Sound and vision blog

20 May 2014

Sonic migrations: natural sounds on the international exhibition scene

The British Library is home to one of the largest and most important collections of wildlife and environmental sounds in the world. Coming in at over 160,000 recordings that cover all animal groups and biogeographical regions, the archive has served the needs of researchers for more than 40 years, both at home and further afield.

The collection is more than just a source of data for academics though. For curators and exhibition teams it has been, and continues to be, an Aladdin's cave of audio treasures that have the ability to
breathe life into inanimate objects and enhance the visitor experience.

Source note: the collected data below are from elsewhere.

lemma simulates_init:
  assumes g: "g \<in> S"
  shows "simulates g (tapes gs m w) (\<lambda>i. if i = 0 then length w else 0) 0
     (Simulate g (tm_start (Ms g)), tapes gs m w, \<lambda>i. 0) (tm_init (Ms g) w)"
proof -
  have k: "tm_k (Ms g) = k" and start: "tm_start (Ms g) \<in> tm_states (Ms g)"
    using wf_Ms g by (auto simp: wf_tm_def)
  define ts where "ts = (\<lambda>p. if p = 0 then Start else if p \<le> length w then Sym (w ! (p - 1)) else Blank)
    # replicate (k - 1) (\<lambda>p. if p = 0 then Start else (Blank :: 'a tsym))"
  have "tm_init (Ms g) w = (tm_start (Ms g), ts, replicate k 0)"
    by (simp add: tm_init_def k ts_def)
  moreover have "length ts = k" using k_pos by (simp add: ts_def)
  moreover have "ts ! i = sim_sym \<circ> tapes gs m w i" if "i < k" for i
    using that by (cases i) (auto simp: ts_def fun_eq_iff tapes_def main_tape_def blank_tape_def)
  moreover have "sim_sym (tapes gs m w i p) \<in> tm_gamma UNIV (Ms g)" for i p
    by (auto simp: tapes_def main_tape_def blank_tape_def tm_gamma_def)
  moreover have "\<exists>E. E \<le> max (if i = 0 then length w else 0) 0 \<and>
      written_upto (tapes gs m w i) (\<lambda>p. input_of (tapes gs m w i p)) E 0" for i
    by (rule exI[of _ "if i = 0 then length w else 0"])
      (auto simp: written_upto_def tapes_def main_tape_def blank_tape_def)
  ultimately show ?thesis
    using start k_pos unfolding simulates_def by simp
qed

lemma simulation_phase:
  assumes g: "g \<in> S" and computes: "tm_outputs_within (Ms g) w y B"
  shows "\<exists>t1 T H. real t1 \<le> B \<and> run (Suc t1) (Simulate g (tm_start (Ms g)), tapes gs m w, \<lambda>i. 0) = (Rewind_Clean 0, T, H) \<and>
     (\<forall>i<k. H i \<le> t1 \<and> (\<exists>E. E \<le> max (if i = 0 then length w else 0) t1 \<and>
          written_upto (T i) (\<lambda>p. input_of (tapes gs m w i p)) E (H i))) \<and>
     tape_has_output (sim_sym \<circ> T 0) y \<and> (\<forall>i. k \<le> i \<longrightarrow> T i = tapes gs m w i \<and> H i = 0)"
proof -
  let ?C0 = "tm_init (Ms g) w" and ?A0 = "(Simulate g (tm_start (Ms g)), tapes gs m w, \<lambda>i. 0 :: nat)"
  have "tm_accept (Ms g) \<subseteq> tm_halt (Ms g)" using wf_Ms g by (simp add: wf_tm_def)
  from tm_outputs_within_first_halt[OF this computes] obtain t1 where t1: "real t1 \<le> B"
    and halt: "fst (tm_run (Ms g) ?C0 t1) \<in> tm_halt (Ms g)"
    and before: "\<forall>t'<t1. fst (tm_run (Ms g) ?C0 t') \<notin> tm_halt (Ms g)"
    and out: "tape_has_output (hd (fst (snd (tm_run (Ms g) ?C0 t1)))) y"
    by blast
  obtain q T H where A: "run t1 ?A0 = (q, T, H)" by (metis prod_cases3)
  obtain cq ts hs where C: "tm_run (Ms g) ?C0 t1 = (cq, ts, hs)" by (metis prod_cases3)
  have "simulates g (tapes gs m w) (\<lambda>i. if i = 0 then length w else 0) t1 (q, T, H) (cq, ts, hs)"
    using simulates_run[OF g simulates_init[OF g, of gs m] before] A C by simp
  then have q: "q = Simulate g cq" and ts: "length ts = k" "ts ! 0 = sim_sym \<circ> T 0"
    and inv: "(\<forall>i<k. H i \<le> t1 \<and> (\<exists>E. E \<le> max (if i = 0 then length w else 0) t1 \<and>
          written_upto (T i) (\<lambda>p. input_of (tapes gs m w i p)) E (H i))) \<and>
        (\<forall>i. k \<le> i \<longrightarrow> T i = tapes gs m w i \<and> H i = 0)"
    using k_pos unfolding simulates_def by auto
  have "step (q, T, H) = (Rewind_Clean 0, T, H)"
    by (rule step_set_state) (use q halt C in auto)
  then have "run (Suc t1) ?A0 = (Rewind_Clean 0, T, H)"
    using A by (simp add: run_Suc')
  moreover have "tape_has_output (sim_sym \<circ> T 0) y"
    using out C ts k_pos by (cases ts) auto
  ultimately show ?thesis using t1 inv by blast
qed

lemma round:
  assumes m: "m < length gs" and g: "gs ! m \<in> S" and computes: "tm_outputs_within (Ms (gs ! m)) w y B"
  shows "\<exists>t t1. real t1 \<le> B \<and> t \<le> 2 * m + 4 + Suc t1 + k * (t1 + 2 * (length w + t1) + 6) \<and>
    run t (Scan, tapes gs m w, \<lambda>i. 0) = (Scan, tapes gs (Suc m) y, \<lambda>i. 0)"
proof -
  let ?T = "tapes gs (Suc m) w" and ?q = "Simulate (gs ! m) (tm_start (Ms (gs ! m)))"
  define I where "I = (\<lambda>p. input_of (?T 0 p))"
  obtain t1 T H where t1: "real t1 \<le> B"
    and simulate: "run (Suc t1) (?q, ?T, \<lambda>i. 0) = (Rewind_Clean 0, T, H)"
    and written: "\<forall>i<k. H i \<le> t1 \<and> (\<exists>E. E \<le> max (if i = 0 then length w else 0) t1 \<and>
      written_upto (T i) (\<lambda>p. input_of (?T i p)) E (H i))"
    and out: "tape_has_output (sim_sym \<circ> T 0) y"
    and beyond: "\<forall>i. k \<le> i \<longrightarrow> T i = ?T i \<and> H i = 0"
    using simulation_phase[OF g computes, of gs "Suc m"] by blast
  obtain E0 where E0: "E0 \<le> max (length w) t1" "written_upto (T 0) I E0 (H 0)" "H 0 \<le> t1"
    using written k_pos unfolding I_def by fastforce
  have aux: "\<forall>j. 0 < j \<and> j < k \<longrightarrow>
      (\<exists>E. written_upto (T j) (\<lambda>_. No_Input) E (H j) \<and> E \<le> length w + t1 \<and> H j \<le> t1)"
  proof (intro allI impI)
    fix j assume j: "0 < j \<and> j < k"
    then obtain E where "E \<le> max 0 t1" "written_upto (T j) (\<lambda>p. input_of (?T j p)) E (H j)" "H j \<le> t1"
      using written by auto
    moreover have "(\<lambda>p. input_of (?T j p)) = (\<lambda>_. No_Input)"
      using j by (auto simp: fun_eq_iff tapes_def blank_tape_def)
    ultimately show "\<exists>E. written_upto (T j) (\<lambda>_. No_Input) E (H j) \<and> E \<le> length w + t1 \<and> H j \<le> t1"
      by auto
  qed
  have "E0 \<le> length w + t1" using E0(1) by simp
  from clean_phase[where T = T and H = H, OF E0(2) this E0(3) out aux]
  obtain t2 where t2: "t2 \<le> k * (t1 + 2 * (length w + t1) + 6)"
    and clean: "run t2 (Rewind_Clean 0, T, H) = (Scan, \<lambda>j. if j = 0 then (\<lambda>p. if p = 0 then Marker
        else Cell (I p) (if p \<le> length y then Written (Sym (y ! (p - 1))) else Unwritten))
      else if j < k then blank_tape else T j, \<lambda>j. if j < k then 0 else H j)"
    by blast
  have "(\<lambda>j. if j = 0 then (\<lambda>p. if p = 0 then Marker
        else Cell (I p) (if p \<le> length y then Written (Sym (y ! (p - 1))) else Unwritten))
      else if j < k then blank_tape else T j) = tapes gs (Suc m) y"
    using beyond k_pos by (auto simp: fun_eq_iff I_def tapes_def main_tape_def)
  moreover have "(\<lambda>j. if j < k then 0 else H j) = (\<lambda>i. 0)" using beyond by (auto simp: fun_eq_iff)
  ultimately have "run (2 * m + 4 + Suc t1 + t2) (Scan, tapes gs m w, \<lambda>i. 0) = (Scan, tapes gs (Suc m) y, \<lambda>i. 0)"
    using run_seq[OF run_seq[OF scan_phase[OF m] simulate] clean] by simp
  then show ?thesis using t1 t2 by (intro exI[of _ "2 * m + 4 + Suc t1 + t2"] exI[of _ t1]) simp
qed

lemma run_chain:
  assumes "\<forall>i<n. \<exists>t \<le> b. run t (X i) = X (Suc i)"
  shows "j \<le> n \<Longrightarrow> \<exists>t \<le> j * b. run t (X 0) = X j"
proof (induction j)
  case 0 then show ?case by (intro exI[of _ 0]) simp
next
  case (Suc j)
  obtain t where t: "t \<le> j * b" "run t (X 0) = X j" using Suc by auto
  have "j < n" using Suc.prems by simp
  then obtain t' where t': "t' \<le> b" "run t' (X j) = X (Suc j)" using assms by blast
  have "run (t + t') (X 0) = X (Suc j)" by (simp add: run_add t(2) t'(2))
  moreover have "t + t' \<le> Suc j * b" using t(1) t'(1) by simp
  ultimately show ?case by blast
qed

lemma round_within:
  assumes Ms: "\<forall>s\<in>S. \<forall>x. tm_outputs_within (Ms s) x (fs s x) (real D * (real (length x) + 1))"
    and gs: "set gs \<subseteq> S" and i: "i < length gs"
    and len: "length (fold fs (take i gs) w0) + 1 \<le> P * (length gs + 1)"
  shows "\<exists>t \<le> (length gs + 1) * (5 + D * P + k * (3 * D * P + 2 * P + 6)).
    run t (Scan, tapes gs i (fold fs (take i gs) w0), \<lambda>_. 0) =
      (Scan, tapes gs (Suc i) (fold fs (take (Suc i) gs) w0), \<lambda>_. 0)"
proof -
  let ?w = "fold fs (take i gs) w0"
  have g: "gs ! i \<in> S" using gs i by (auto dest: nth_mem)
  have "tm_outputs_within (Ms (gs ! i)) ?w (fold fs (take (Suc i) gs) w0) (D * (real (length ?w) + 1))"
    using Ms g i by (simp add: fold_take_Suc)
  from round[OF i g this] obtain t t1 where
    t1: "real t1 \<le> D * (real (length ?w) + 1)"
    and t: "t \<le> 2 * i + 4 + Suc t1 + k * (t1 + 2 * (length ?w + t1) + 6)"
    and r: "run t (Scan, tapes gs i ?w, \<lambda>_. 0) = (Scan, tapes gs (Suc i) (fold fs (take (Suc i) gs) w0), \<lambda>_. 0)"
    by blast
  have "real t1 \<le> real (D * (length ?w + 1))" using t1 by (simp add: algebra_simps)
  then have "t1 \<le> D * (length ?w + 1)" by (simp only: of_nat_le_iff)
  with r show ?thesis using round_time_bound[OF i len _ t] by blast
qed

A variety of chirps, clicks, hums and whistles can currently be heard around the upper ground floor of the British Library, as visitors to the Beautiful Science exhibition explore the voices of 100 species, from birds to amphibians,that have been specially added to the OneZoom Tree of
Life installation.


Bottlenose Dolphin recorded by Dr Oliver Boisseau

Song Thrush recorded by Richard Savage

On the other side of London, at South Kensington's Victoria and Albert Museum, birdsong from the collection weaves its way around the artefacts on display in the museum's current exhibition William Kent: Designing Georgian Britain. The quintessential sounds of the British countryside merge with music from the time to create a multilayered atmosphere that is part natural, part human. Moving along to Richmond, an Amazonian rainforest soundscape, recorded and created by Richard Ranft, will soon take up residency in the Palm House of Kew Gardens, a few months after it featured as the soundtrack to their annual Orchid Festival.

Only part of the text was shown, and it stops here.